> _How to complete this task_
A precise repetition of every line below is the required answer.
*** Opening Exercise inputs ***
lemma seq_linear_sum:
  assumes G: "seq_linear G" and S: "finite S"
  shows "G (\<lambda>i. \<Sum>m\<in>S. d m * w m i) = (\<lambda>i. \<Sum>m\<in>S. d m * G (w m) i)"
  using S
proof (induction S rule: finite_induct)
  case empty
  from G have "\<forall>c v. G (\<lambda>i. c * v i) = (\<lambda>i. c * G v i)"
    unfolding seq_linear_def by blast
  from spec[OF spec[OF this, of 0], of "\<lambda>_. 0"] show ?case by simp
next
  case (insert x F)
  then show ?case using G unfolding seq_linear_def by simp
qed

lemma seq_linear_Eop: "seq_linear (Eop \<mu>)"
  unfolding seq_linear_def Eop_def by (auto simp: algebra_simps)

lemma seq_linear_Fop: "seq_linear (Fop \<mu>)"
  unfolding seq_linear_def Fop_def by (auto simp: algebra_simps)

lemma seq_linear_Hop: "seq_linear (Hop \<mu>)"
  unfolding seq_linear_def Hop_def by (auto simp: algebra_simps)

lemma in_range_le: "in_range \<mu> i \<Longrightarrow> j \<le> i \<Longrightarrow> in_range \<mu> j"
  unfolding in_range_def by auto

lemma in_range_0 [simp]: "in_range \<mu> 0"
  unfolding in_range_def by auto

lemma in_range_Suc_iff: "in_range \<mu> i \<Longrightarrow> \<not> in_range \<mu> (Suc i) \<longleftrightarrow> \<mu> = of_nat i"
  unfolding in_range_def by (auto simp: not_less_eq_eq intro: antisym)
lemma rel_walk_Cons:
  "rel_walk R S (x # p) \<longleftrightarrow> x \<in> S \<and> (p = [] \<or> R x (hd p) \<and> rel_walk R S p)"
  by (auto simp: rel_walk_def successively_Cons)

lemma rel_walk_append:
  assumes "p \<noteq> []" "q \<noteq> []"
  shows "rel_walk R S (p @ q) \<longleftrightarrow> rel_walk R S p \<and> rel_walk R S q \<and> R (last p) (hd q)"
  using assms by (auto simp: rel_walk_def successively_append_iff)

lemma rel_walk_split:
  "rel_walk R S (p @ z # q) \<longleftrightarrow> rel_walk R S (p @ [z]) \<and> rel_walk R S (z # q)"
  by (cases "p = []") (auto simp: rel_walk_append rel_walk_Cons)

lemma rel_walk_rev:
  assumes "symp R"
  shows "rel_walk R S (rev p) \<longleftrightarrow> rel_walk R S p"
proof -
  have "successively (\<lambda>x y. R y x) p \<longleftrightarrow> successively R p"
    using assms by (intro successively_cong) (auto dest: sympD)
  then show ?thesis by (simp add: rel_walk_def)
qed

lemma rel_walk_subset: "rel_walk R S p \<Longrightarrow> S \<subseteq> S' \<Longrightarrow> rel_walk R S' p"
  by (auto simp: rel_walk_def)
*** Closing Exercise inputs ***
> _Response to the exercise_
lemma seq_linear_sum:
  assumes G: "seq_linear G" and S: "finite S"
  shows "G (\<lambda>i. \<Sum>m\<in>S. d m * w m i) = (\<lambda>i. \<Sum>m\<in>S. d m * G (w m) i)"
  using S
proof (induction S rule: finite_induct)
  case empty
  from G have "\<forall>c v. G (\<lambda>i. c * v i) = (\<lambda>i. c * G v i)"
    unfolding seq_linear_def by blast
  from spec[OF spec[OF this, of 0], of "\<lambda>_. 0"] show ?case by simp
next
  case (insert x F)
  then show ?case using G unfolding seq_linear_def by simp
qed

lemma seq_linear_Eop: "seq_linear (Eop \<mu>)"
  unfolding seq_linear_def Eop_def by (auto simp: algebra_simps)

lemma seq_linear_Fop: "seq_linear (Fop \<mu>)"
  unfolding seq_linear_def Fop_def by (auto simp: algebra_simps)

lemma seq_linear_Hop: "seq_linear (Hop \<mu>)"
  unfolding seq_linear_def Hop_def by (auto simp: algebra_simps)

lemma in_range_le: "in_range \<mu> i \<Longrightarrow> j \<le> i \<Longrightarrow> in_range \<mu> j"
  unfolding in_range_def by auto

lemma in_range_0 [simp]: "in_range \<mu> 0"
  unfolding in_range_def by auto

lemma in_range_Suc_iff: "in_range \<mu> i \<Longrightarrow> \<not> in_range \<mu> (Suc i) \<longleftrightarrow> \<mu> = of_nat i"
  unfolding in_range_def by (auto simp: not_less_eq_eq intro: antisym)
lemma rel_walk_Cons:
  "rel_walk R S (x # p) \<longleftrightarrow> x \<in> S \<and> (p = [] \<or> R x (hd p) \<and> rel_walk R S p)"
  by (auto simp: rel_walk_def successively_Cons)

lemma rel_walk_append:
  assumes "p \<noteq> []" "q \<noteq> []"
  shows "rel_walk R S (p @ q) \<longleftrightarrow> rel_walk R S p \<and> rel_walk R S q \<and> R (last p) (hd q)"
  using assms by (auto simp: rel_walk_def successively_append_iff)

lemma rel_walk_split:
  "rel_walk R S (p @ z # q) \<longleftrightarrow> rel_walk R S (p @ [z]) \<and> rel_walk R S (z # q)"
  by (cases "p = []") (auto simp: rel_walk_append rel_walk_Cons)

lemma rel_walk_rev:
  assumes "symp R"
  shows "rel_walk R S (rev p) \<longleftrightarrow> rel_walk R S p"
proof -
  have "successively (\<lambda>x y. R y x) p \<longleftrightarrow> successively R p"
    using assms by (intro successively_cong) (auto dest: sympD)
  then show ?thesis by (simp add: rel_walk_def)
qed

lemma rel_walk_subset: "rel_walk R S p \<Longrightarrow> S \<subseteq> S' \<Longrightarrow> rel_walk R S' p"
  by (auto simp: rel_walk_def)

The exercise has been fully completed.